Thermo Fisher Scientific Baltics, V. A. Graičiūno str. 8, Vilnius 02241, Lithuania.
Institute of Biosciences, Life Sciences Center, Vilnius University, Saulėtekio al. 7, Vilnius 10257, Lithuania.
Microb Genom. 2021 Sep;7(9). doi: 10.1099/mgen.0.000624.
Sequence-based characterization of bacterial communities has long been a hostage of limitations of both 16S rRNA gene and whole metagenome sequencing. Neither approach is universally applicable, and the main efforts to resolve constraints have been devoted to improvement of computational prediction tools. Here, we present semi-targeted 16S rRNA sequencing (st16S-seq), a method designed for sequencing V1-V2 regions of the 16S rRNA gene along with the genomic locus upstream of the gene. By analysis of 13 570 bacterial genome assemblies, we show that genome-linked 16S rRNA sequencing is superior to individual hypervariable regions or full-length gene sequences in terms of classification accuracy and identification of gene copy numbers. Using mock communities and soil samples we experimentally validate st16S-seq and benchmark it against the established microbial classification techniques. We show that st16S-seq delivers accurate estimation of 16S rRNA gene copy numbers, enables taxonomic resolution at the species level and closely approximates community structures obtainable by whole metagenome sequencing.

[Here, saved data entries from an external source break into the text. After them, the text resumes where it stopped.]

definition valid_move :: "nat \<Rightarrow> 'n move \<Rightarrow> bool" where
  "valid_move k mv = (case mv of (i, j, c) \<Rightarrow> i \<noteq> j \<and> (\<forall>l. l \<notin> {i, j} \<longrightarrow> c l < k))"

definition in_layer :: "'n move \<Rightarrow> ('n \<Rightarrow> nat) \<Rightarrow> bool" where
  "in_layer mv q = (case mv of (i, j, c) \<Rightarrow> (\<forall>l. l \<notin> {i, j} \<longrightarrow> q l = c l))"

definition move_pos :: "nat \<Rightarrow> 'n move \<Rightarrow> ('n \<Rightarrow> nat) \<Rightarrow> ('n \<Rightarrow> nat)" where
  "move_pos k mv q = (case mv of (i, j, c) \<Rightarrow> if in_layer mv q then psi k i j q else q)"

(* action of a move on X (pairs of a position and an orientation-face index) *)
definition move_X :: "nat \<Rightarrow> 'n move \<Rightarrow> ('n \<Rightarrow> nat) \<times> 'n \<Rightarrow> ('n \<Rightarrow> nat) \<times> 'n" where
  "move_X k mv x = (case mv of (i, j, c) \<Rightarrow> case x of (q, l) \<Rightarrow>
     if in_layer mv q then (psi k i j q, Transposition.transpose i j l) else (q, l))"

(* combination = list of moves, first move applied first *)
fun comb_pos :: "nat \<Rightarrow> 'n move list \<Rightarrow> ('n \<Rightarrow> nat) \<Rightarrow> ('n \<Rightarrow> nat)" where
  "comb_pos k [] q = q"
| "comb_pos k (mv # ms) q = comb_pos k ms (move_pos k mv q)"

fun comb_X :: "nat \<Rightarrow> 'n move list \<Rightarrow> ('n \<Rightarrow> nat) \<times> 'n \<Rightarrow> ('n \<Rightarrow> nat) \<times> 'n" where
  "comb_X k [] x = x"
| "comb_X k (mv # ms) x = comb_X k ms (move_X k mv x)"

definition Sym :: "'n set \<Rightarrow> ('n \<Rightarrow> 'n) set" where
  "Sym B = {\<sigma>. \<sigma> permutes B}"

definition Alt :: "'n set \<Rightarrow> ('n \<Rightarrow> 'n) set" where
  "Alt B = {\<sigma>. \<sigma> permutes B \<and> evenperm \<sigma>}"

definition Gbar_rot :: "nat \<Rightarrow> ('n \<Rightarrow> nat) \<Rightarrow> ('n \<Rightarrow> 'n) set" where
  "Gbar_rot k p = {\<sigma>. \<sigma> permutes Bset k p \<and>
     (\<exists>ms. (\<forall>mv\<in>set ms. valid_move k mv) \<and> comb_pos k ms p = p \<and>
           (\<forall>l\<in>Bset k p. comb_X k ms (p, l) = (p, \<sigma> l)))}"

definition cubie :: "('n::finite \<Rightarrow> nat) \<Rightarrow> (real^'n) set" where
  "cubie p = {x. \<forall>i. real (p i) \<le> x $ i \<and> x $ i \<le> real (p i) + 1}"

definition orient_face :: "nat \<Rightarrow> ('n::finite \<Rightarrow> nat) \<Rightarrow> 'n \<Rightarrow> (real^'n) set" where
  "orient_face k p l = {x \<in> cubie p. \<forall>s \<in> Bset k p - {l}.
       x $ s = (if p s = 0 then 0 else real k)}"

definition orient_faces :: "nat \<Rightarrow> ('n::finite \<Rightarrow> nat) \<Rightarrow> (real^'n) set set" where
  "orient_faces k p = orient_face k p ` Bset k p"

definition orient_pres_isometry :: "(real^'n::finite \<Rightarrow> real^'n) \<Rightarrow> bool" where
  "orient_pres_isometry f \<longleftrightarrow> (\<forall>x y. dist (f x) (f y) = dist x y) \<and>
      det (matrix (\<lambda>x. f x - f 0)) = 1"

definition G_rot :: "nat \<Rightarrow> ('n::finite \<Rightarrow> nat) \<Rightarrow> ('n \<Rightarrow> 'n) set" where
  "G_rot k p = {\<sigma>. \<sigma> permutes Bset k p \<and>
     (\<exists>f. orient_pres_isometry f \<and> f ` cubie p = cubie p \<and>
          (\<lambda>F. f ` F) ` orient_faces k p = orient_faces k p \<and>
          (\<forall>l\<in>Bset k p. f ` orient_face k p l = orient_face k p (\<sigma> l)))}"

(* the values \<bar>p_i, i \<notin> B(p), sorted non-decreasingly (0-based list) *)
definition jlist :: "nat \<Rightarrow> ('n::finite \<Rightarrow> nat) \<Rightarrow> nat list" where
  "jlist k p = sorted_list_of_multiset (image_mset (\<lambda>i. bar k (p i)) (mset_set (- Bset k p)))"

end

theory Submission
  imports Defs
begin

基于序列的细菌群落特征分析长期以来一直受到 16S rRNA 基因和全宏基因组测序的限制。这两种方法都不是普遍适用的,解决限制的主要努力都集中在改进计算预测工具上。在这里,我们提出了半靶向 16S rRNA 测序(st16S-seq),这是一种设计用于测序 16S rRNA 基因 V1-V2 区以及基因上游基因组位点的方法。通过对 13570 个细菌基因组组装的分析,我们表明,与单个高变区或全长基因序列相比,基因组相关的 16S rRNA 测序在分类准确性和基因拷贝数鉴定方面具有优势。使用模拟群落和土壤样本,我们通过实验验证了 st16S-seq,并将其与既定的微生物分类技术进行了基准测试。我们表明,st16S-seq 可以准确估计 16S rRNA 基因拷贝数,能够在物种水平上进行分类分辨率,并接近通过全宏基因组测序获得的群落结构。